══ Data under study ══

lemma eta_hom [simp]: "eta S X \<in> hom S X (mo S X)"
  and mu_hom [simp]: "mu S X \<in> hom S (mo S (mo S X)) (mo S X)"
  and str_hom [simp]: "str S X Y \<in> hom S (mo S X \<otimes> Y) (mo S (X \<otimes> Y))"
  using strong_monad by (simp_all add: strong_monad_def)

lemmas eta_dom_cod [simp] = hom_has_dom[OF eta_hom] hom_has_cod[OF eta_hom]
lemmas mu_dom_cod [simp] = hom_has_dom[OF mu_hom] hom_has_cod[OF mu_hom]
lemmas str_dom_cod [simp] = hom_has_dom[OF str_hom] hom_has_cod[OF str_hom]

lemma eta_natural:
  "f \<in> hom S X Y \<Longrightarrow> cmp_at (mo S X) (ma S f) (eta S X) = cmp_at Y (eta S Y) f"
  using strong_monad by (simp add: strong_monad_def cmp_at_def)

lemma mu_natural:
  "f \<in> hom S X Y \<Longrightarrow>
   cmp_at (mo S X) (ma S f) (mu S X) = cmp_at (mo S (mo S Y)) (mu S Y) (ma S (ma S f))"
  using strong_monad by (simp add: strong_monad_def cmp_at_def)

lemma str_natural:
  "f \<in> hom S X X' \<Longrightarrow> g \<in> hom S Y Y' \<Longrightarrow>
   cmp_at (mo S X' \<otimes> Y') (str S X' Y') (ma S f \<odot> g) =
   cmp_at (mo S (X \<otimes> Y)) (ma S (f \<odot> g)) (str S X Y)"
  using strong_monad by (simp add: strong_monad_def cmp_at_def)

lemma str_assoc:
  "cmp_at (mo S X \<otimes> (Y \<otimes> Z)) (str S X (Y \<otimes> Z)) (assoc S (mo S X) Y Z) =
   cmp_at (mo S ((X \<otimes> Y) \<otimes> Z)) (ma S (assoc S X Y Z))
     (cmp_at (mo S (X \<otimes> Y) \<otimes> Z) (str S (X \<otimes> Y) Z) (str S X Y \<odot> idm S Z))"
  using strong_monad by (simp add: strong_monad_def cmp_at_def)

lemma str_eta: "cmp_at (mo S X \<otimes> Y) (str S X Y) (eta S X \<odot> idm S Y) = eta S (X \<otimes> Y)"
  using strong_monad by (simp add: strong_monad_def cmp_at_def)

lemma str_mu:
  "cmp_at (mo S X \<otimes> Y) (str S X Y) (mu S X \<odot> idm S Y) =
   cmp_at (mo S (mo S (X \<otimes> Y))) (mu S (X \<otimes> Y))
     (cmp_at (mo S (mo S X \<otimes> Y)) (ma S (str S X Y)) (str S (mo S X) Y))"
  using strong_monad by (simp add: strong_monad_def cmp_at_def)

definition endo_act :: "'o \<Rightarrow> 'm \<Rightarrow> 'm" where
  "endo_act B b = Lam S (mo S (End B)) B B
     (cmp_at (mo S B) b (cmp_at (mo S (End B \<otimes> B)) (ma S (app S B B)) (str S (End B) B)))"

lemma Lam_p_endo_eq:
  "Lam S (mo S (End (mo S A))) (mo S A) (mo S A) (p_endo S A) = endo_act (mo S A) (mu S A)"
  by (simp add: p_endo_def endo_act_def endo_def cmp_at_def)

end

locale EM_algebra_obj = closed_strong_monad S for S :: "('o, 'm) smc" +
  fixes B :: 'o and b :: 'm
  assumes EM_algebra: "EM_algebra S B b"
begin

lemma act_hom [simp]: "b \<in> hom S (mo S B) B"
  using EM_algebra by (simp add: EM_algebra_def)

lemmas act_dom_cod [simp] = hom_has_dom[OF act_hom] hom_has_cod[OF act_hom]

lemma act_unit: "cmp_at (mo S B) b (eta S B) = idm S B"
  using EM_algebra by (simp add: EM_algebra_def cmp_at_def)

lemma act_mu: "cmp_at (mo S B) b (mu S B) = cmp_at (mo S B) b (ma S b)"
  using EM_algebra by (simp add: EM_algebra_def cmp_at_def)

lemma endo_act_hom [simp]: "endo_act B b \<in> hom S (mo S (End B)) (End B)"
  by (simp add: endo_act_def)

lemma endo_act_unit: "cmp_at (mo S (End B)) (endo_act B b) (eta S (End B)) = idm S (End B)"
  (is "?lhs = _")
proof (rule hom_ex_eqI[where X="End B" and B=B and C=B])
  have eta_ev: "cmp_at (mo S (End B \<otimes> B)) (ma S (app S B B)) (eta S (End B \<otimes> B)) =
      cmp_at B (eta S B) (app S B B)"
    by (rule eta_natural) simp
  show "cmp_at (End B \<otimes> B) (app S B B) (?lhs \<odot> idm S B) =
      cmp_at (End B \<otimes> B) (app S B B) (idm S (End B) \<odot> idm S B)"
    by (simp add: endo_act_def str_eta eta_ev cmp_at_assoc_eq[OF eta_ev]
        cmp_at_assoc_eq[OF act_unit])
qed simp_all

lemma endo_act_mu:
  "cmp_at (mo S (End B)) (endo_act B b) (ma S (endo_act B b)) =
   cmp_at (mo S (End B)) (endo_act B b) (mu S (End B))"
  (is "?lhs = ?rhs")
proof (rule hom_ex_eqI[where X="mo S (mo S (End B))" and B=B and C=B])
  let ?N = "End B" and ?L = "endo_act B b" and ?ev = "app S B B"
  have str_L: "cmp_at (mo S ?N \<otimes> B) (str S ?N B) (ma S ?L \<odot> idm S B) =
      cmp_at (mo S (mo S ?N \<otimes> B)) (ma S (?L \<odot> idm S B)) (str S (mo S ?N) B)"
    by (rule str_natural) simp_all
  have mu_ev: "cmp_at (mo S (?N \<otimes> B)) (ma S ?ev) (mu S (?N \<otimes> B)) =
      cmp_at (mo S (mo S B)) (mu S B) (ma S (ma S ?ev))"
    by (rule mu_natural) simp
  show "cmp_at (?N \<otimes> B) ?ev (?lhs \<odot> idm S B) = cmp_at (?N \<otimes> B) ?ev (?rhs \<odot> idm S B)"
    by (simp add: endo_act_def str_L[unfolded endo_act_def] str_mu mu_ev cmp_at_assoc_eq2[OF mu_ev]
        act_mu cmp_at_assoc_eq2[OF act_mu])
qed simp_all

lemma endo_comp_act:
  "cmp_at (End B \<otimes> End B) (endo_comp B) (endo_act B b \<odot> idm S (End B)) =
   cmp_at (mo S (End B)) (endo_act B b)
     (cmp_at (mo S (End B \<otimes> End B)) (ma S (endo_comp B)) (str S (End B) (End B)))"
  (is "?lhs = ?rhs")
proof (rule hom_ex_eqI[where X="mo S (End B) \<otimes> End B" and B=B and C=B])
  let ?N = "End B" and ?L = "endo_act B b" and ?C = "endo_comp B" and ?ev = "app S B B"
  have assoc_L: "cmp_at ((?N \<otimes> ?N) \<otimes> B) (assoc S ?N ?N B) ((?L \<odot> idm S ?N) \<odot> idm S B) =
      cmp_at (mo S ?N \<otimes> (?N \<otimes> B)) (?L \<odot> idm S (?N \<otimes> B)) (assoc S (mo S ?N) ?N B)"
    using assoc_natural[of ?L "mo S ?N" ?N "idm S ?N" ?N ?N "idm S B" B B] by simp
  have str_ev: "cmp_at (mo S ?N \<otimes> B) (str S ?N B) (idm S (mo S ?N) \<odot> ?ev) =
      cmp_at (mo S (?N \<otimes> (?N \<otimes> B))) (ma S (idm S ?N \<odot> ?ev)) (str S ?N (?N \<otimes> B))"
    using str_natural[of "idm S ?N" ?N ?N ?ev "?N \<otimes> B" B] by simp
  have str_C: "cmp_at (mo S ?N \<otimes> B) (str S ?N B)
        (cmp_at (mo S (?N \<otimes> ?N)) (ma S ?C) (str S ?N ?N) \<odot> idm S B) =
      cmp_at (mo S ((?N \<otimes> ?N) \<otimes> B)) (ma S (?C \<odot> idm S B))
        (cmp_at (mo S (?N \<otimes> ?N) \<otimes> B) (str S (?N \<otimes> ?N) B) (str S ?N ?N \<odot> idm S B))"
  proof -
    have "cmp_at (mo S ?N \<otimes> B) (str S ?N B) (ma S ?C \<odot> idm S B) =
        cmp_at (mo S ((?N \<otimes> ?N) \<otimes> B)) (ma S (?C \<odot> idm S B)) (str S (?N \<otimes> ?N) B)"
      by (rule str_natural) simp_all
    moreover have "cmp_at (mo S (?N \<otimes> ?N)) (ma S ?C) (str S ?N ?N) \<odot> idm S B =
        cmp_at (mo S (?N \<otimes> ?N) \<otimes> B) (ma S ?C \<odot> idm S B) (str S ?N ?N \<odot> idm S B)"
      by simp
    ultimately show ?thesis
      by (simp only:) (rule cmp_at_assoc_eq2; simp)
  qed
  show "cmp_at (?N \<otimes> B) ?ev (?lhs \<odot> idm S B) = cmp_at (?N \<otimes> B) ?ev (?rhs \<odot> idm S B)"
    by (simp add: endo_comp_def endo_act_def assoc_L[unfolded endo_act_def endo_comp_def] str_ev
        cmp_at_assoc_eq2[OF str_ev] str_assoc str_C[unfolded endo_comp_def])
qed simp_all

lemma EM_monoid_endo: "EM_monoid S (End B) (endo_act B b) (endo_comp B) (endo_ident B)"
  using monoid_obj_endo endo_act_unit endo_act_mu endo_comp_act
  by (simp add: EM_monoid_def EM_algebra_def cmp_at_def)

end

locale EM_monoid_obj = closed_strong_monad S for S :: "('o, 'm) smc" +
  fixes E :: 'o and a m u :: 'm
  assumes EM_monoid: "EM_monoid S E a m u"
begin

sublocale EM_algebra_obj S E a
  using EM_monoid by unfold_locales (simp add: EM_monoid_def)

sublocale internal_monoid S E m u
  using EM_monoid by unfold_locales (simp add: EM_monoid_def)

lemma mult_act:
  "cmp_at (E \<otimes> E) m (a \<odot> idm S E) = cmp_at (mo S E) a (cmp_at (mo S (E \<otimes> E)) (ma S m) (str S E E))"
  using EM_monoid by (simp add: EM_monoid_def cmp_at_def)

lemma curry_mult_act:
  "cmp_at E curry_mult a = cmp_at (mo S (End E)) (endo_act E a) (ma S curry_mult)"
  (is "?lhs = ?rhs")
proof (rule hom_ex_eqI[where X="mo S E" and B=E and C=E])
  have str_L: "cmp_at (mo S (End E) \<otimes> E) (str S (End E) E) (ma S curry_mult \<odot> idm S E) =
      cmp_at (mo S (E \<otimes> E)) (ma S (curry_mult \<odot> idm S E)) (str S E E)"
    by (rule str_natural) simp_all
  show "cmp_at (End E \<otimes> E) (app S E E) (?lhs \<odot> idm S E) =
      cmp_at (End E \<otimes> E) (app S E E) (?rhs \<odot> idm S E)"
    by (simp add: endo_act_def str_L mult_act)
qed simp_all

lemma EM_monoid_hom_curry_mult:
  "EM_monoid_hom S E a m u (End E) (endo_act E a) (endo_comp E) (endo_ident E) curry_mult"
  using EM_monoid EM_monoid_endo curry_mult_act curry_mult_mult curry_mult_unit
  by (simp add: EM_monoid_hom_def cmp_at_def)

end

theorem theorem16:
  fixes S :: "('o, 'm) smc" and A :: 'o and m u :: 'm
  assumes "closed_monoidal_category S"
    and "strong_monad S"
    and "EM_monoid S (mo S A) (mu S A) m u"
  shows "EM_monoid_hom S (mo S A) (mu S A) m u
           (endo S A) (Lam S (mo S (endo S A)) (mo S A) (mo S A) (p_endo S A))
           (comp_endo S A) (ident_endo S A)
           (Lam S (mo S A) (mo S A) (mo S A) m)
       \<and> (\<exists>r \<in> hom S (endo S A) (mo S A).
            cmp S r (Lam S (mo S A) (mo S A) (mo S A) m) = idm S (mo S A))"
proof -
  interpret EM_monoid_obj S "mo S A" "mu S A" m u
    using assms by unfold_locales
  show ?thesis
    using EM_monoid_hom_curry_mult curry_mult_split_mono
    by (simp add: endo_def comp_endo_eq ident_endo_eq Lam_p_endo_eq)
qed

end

═══
══ Data under study ══

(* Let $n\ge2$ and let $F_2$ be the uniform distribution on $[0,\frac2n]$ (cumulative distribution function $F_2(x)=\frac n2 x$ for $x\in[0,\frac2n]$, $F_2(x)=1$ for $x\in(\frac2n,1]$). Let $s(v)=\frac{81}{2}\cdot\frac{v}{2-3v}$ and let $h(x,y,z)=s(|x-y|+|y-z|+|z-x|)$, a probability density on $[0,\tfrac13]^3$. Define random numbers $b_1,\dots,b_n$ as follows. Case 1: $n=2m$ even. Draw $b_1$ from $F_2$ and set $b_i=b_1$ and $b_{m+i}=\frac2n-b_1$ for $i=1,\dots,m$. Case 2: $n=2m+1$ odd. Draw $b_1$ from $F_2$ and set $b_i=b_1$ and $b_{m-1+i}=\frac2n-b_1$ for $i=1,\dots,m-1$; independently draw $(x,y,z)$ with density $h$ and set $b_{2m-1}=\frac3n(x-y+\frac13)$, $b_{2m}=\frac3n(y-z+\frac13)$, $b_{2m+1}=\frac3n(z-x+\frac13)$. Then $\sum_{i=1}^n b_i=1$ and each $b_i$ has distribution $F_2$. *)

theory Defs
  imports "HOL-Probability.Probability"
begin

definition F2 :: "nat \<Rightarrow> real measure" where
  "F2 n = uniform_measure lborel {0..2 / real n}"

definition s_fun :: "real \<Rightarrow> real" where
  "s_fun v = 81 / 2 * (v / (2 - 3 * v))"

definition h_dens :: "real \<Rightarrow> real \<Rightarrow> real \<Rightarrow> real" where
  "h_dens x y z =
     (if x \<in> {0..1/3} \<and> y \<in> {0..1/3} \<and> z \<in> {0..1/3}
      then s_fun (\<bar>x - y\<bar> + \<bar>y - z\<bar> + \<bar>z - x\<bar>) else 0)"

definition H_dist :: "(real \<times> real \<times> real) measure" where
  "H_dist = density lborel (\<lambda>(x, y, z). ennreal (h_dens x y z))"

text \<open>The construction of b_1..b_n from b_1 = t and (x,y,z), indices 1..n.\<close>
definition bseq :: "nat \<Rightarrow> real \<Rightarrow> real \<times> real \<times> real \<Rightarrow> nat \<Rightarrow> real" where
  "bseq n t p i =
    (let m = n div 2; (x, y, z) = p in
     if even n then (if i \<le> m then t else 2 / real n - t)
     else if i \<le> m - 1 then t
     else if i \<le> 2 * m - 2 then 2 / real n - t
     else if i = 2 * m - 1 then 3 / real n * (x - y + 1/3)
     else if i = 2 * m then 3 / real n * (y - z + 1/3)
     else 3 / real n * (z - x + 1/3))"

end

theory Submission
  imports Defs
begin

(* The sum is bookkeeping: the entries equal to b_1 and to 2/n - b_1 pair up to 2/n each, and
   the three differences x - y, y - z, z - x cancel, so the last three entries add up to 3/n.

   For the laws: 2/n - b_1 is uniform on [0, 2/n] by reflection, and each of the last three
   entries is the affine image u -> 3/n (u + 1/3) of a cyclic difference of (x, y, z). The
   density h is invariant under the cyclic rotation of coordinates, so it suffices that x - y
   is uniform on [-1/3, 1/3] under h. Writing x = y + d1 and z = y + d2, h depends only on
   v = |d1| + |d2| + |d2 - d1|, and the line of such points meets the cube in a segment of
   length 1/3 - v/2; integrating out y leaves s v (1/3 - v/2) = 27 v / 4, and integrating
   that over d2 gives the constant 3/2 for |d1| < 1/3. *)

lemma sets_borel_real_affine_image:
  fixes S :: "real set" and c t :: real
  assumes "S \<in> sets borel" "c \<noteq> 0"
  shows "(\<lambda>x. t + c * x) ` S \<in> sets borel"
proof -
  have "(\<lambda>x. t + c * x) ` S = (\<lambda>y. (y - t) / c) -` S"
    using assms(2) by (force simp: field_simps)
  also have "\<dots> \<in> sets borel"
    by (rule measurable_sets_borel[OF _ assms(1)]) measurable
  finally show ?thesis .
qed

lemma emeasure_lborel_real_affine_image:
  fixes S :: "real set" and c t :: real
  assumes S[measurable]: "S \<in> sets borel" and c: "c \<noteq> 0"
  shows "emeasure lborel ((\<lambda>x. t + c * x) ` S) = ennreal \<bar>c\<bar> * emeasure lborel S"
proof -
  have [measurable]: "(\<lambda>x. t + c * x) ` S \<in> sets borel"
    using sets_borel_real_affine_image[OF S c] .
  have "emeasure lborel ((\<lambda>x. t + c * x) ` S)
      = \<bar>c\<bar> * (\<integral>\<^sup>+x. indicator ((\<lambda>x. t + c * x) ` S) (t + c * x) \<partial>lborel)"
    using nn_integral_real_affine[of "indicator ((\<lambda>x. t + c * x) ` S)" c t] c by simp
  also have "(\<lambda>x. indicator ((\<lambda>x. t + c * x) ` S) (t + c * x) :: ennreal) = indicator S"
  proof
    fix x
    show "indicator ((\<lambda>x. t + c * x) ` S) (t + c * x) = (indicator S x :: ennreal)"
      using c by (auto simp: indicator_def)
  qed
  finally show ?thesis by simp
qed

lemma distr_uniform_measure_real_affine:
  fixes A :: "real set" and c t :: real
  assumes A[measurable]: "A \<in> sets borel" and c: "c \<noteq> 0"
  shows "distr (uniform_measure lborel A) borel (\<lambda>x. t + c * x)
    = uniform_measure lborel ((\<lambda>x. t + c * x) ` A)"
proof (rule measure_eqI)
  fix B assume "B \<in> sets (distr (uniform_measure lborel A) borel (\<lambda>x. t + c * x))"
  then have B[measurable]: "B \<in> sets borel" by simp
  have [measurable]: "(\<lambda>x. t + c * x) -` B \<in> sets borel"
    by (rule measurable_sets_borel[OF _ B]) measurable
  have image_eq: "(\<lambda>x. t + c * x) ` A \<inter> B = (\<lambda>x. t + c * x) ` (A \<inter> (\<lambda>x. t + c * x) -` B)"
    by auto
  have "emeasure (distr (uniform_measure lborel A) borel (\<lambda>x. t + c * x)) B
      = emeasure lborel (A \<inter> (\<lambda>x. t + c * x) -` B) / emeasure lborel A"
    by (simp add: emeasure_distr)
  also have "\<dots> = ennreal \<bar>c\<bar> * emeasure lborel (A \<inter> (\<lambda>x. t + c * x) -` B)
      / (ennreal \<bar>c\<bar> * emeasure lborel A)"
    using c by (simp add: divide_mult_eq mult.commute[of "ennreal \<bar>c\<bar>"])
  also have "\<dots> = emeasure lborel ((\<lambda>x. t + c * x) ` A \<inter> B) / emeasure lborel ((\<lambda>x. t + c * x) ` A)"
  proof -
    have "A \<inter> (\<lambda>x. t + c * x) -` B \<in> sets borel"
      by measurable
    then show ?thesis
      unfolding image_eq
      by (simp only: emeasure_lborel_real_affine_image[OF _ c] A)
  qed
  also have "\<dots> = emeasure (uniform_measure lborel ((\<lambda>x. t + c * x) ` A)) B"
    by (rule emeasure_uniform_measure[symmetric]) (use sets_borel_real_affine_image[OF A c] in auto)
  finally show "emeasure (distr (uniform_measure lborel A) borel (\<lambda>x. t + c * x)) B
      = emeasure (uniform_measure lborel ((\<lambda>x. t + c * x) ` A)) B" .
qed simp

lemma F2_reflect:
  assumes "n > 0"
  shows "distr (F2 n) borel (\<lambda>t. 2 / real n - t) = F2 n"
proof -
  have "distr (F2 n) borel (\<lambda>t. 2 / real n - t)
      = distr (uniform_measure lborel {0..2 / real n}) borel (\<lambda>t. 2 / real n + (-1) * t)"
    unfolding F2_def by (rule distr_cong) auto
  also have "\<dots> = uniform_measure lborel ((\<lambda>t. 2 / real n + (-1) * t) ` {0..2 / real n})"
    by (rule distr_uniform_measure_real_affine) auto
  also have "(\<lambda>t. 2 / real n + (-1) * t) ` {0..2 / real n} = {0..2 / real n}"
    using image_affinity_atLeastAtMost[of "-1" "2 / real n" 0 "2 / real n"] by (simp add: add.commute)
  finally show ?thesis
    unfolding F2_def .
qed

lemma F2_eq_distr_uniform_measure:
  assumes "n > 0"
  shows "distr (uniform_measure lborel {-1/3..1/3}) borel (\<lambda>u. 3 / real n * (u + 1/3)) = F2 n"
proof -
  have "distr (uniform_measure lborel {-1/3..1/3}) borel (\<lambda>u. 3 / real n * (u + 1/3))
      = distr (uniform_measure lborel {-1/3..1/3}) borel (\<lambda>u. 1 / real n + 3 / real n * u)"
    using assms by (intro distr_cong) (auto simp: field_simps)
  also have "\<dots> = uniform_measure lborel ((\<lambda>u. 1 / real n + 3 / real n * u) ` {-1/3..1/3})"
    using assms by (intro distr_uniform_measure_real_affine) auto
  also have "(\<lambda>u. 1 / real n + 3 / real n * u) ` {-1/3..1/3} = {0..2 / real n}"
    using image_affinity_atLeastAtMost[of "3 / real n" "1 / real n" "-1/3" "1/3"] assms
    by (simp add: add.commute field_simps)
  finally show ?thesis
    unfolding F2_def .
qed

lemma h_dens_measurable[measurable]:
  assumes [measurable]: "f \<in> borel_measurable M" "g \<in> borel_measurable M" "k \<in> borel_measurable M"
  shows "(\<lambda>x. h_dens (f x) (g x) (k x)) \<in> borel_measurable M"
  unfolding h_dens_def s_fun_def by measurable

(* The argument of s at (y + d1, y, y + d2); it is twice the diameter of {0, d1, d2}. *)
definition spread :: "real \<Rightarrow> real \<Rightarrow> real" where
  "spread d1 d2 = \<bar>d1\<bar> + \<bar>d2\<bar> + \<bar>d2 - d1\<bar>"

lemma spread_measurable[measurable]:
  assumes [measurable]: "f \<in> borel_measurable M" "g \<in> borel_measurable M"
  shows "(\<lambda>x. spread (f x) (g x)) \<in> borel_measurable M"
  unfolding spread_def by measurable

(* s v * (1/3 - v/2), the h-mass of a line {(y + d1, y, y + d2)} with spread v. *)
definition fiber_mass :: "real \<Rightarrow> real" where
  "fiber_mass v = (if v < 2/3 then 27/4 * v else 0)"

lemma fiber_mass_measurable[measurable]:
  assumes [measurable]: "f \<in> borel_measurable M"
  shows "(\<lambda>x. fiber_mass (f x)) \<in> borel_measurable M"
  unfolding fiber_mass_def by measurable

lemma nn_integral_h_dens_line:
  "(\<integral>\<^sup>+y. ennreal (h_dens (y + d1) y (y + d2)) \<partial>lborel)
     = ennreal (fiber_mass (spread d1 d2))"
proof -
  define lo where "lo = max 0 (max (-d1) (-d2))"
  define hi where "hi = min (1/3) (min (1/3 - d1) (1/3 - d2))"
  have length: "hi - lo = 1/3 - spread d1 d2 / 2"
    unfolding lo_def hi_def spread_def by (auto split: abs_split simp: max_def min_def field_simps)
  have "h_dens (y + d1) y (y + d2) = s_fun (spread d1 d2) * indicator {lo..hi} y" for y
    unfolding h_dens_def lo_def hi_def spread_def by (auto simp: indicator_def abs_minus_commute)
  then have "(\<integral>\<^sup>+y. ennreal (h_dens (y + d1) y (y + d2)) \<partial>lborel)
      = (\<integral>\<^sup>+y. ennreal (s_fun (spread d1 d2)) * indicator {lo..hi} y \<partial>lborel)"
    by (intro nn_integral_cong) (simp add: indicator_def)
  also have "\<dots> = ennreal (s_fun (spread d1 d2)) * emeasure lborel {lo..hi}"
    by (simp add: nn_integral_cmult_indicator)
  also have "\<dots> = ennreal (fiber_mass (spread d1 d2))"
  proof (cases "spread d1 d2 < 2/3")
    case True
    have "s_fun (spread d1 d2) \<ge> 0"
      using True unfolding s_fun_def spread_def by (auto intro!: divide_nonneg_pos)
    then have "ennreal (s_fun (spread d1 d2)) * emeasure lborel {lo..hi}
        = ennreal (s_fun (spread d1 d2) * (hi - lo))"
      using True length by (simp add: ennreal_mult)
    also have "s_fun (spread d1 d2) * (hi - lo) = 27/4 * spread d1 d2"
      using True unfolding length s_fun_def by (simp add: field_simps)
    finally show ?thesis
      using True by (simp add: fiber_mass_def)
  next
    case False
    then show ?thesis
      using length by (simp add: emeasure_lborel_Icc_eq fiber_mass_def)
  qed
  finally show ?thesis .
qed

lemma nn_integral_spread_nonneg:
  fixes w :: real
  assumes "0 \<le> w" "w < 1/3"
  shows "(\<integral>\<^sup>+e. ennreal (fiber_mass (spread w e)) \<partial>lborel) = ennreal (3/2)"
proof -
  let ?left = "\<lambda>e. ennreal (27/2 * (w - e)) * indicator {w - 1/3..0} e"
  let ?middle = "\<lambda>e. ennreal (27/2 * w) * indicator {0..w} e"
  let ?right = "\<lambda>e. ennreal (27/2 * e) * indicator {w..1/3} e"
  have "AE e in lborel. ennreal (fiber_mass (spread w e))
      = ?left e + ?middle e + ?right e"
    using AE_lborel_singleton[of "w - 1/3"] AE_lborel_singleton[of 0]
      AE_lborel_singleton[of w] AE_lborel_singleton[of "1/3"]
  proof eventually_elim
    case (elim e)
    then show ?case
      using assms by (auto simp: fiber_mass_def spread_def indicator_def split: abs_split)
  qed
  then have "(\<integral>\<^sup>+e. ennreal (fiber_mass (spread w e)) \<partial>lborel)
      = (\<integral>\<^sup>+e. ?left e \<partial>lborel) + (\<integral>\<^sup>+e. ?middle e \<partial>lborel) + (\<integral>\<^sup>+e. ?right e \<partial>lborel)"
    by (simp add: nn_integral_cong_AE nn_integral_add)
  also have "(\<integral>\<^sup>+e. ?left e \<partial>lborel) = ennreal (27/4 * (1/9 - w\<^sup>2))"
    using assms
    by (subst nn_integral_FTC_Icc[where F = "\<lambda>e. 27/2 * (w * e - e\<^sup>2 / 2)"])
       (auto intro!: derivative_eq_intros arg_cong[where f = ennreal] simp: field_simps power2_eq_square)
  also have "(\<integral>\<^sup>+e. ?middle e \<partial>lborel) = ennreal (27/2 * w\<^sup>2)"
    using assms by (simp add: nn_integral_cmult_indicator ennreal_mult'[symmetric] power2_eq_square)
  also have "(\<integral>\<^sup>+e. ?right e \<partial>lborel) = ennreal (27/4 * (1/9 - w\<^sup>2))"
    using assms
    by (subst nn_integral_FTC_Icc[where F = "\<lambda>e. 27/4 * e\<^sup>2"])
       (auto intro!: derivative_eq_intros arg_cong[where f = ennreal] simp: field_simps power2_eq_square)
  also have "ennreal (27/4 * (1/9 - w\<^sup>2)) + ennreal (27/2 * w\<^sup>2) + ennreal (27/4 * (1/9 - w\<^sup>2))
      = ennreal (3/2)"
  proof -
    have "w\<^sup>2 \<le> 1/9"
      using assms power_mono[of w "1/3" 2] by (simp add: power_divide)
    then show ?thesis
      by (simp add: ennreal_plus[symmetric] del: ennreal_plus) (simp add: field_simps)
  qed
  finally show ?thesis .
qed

═══

Return the span of lines in the data above that opens at the line with "by (simp add: endo_act_def)" and closes at the line with "B) (?lhs \<odot>", exactly, ends included, nothing else.

Output:
  by (simp add: endo_act_def)

lemma endo_act_unit: "cmp_at (mo S (End B)) (endo_act B b) (eta S (End B)) = idm S (End B)"
  (is "?lhs = _")
proof (rule hom_ex_eqI[where X="End B" and B=B and C=B])
  have eta_ev: "cmp_at (mo S (End B \<otimes> B)) (ma S (app S B B)) (eta S (End B \<otimes> B)) =
      cmp_at B (eta S B) (app S B B)"
    by (rule eta_natural) simp
  show "cmp_at (End B \<otimes> B) (app S B B) (?lhs \<odot> idm S B) =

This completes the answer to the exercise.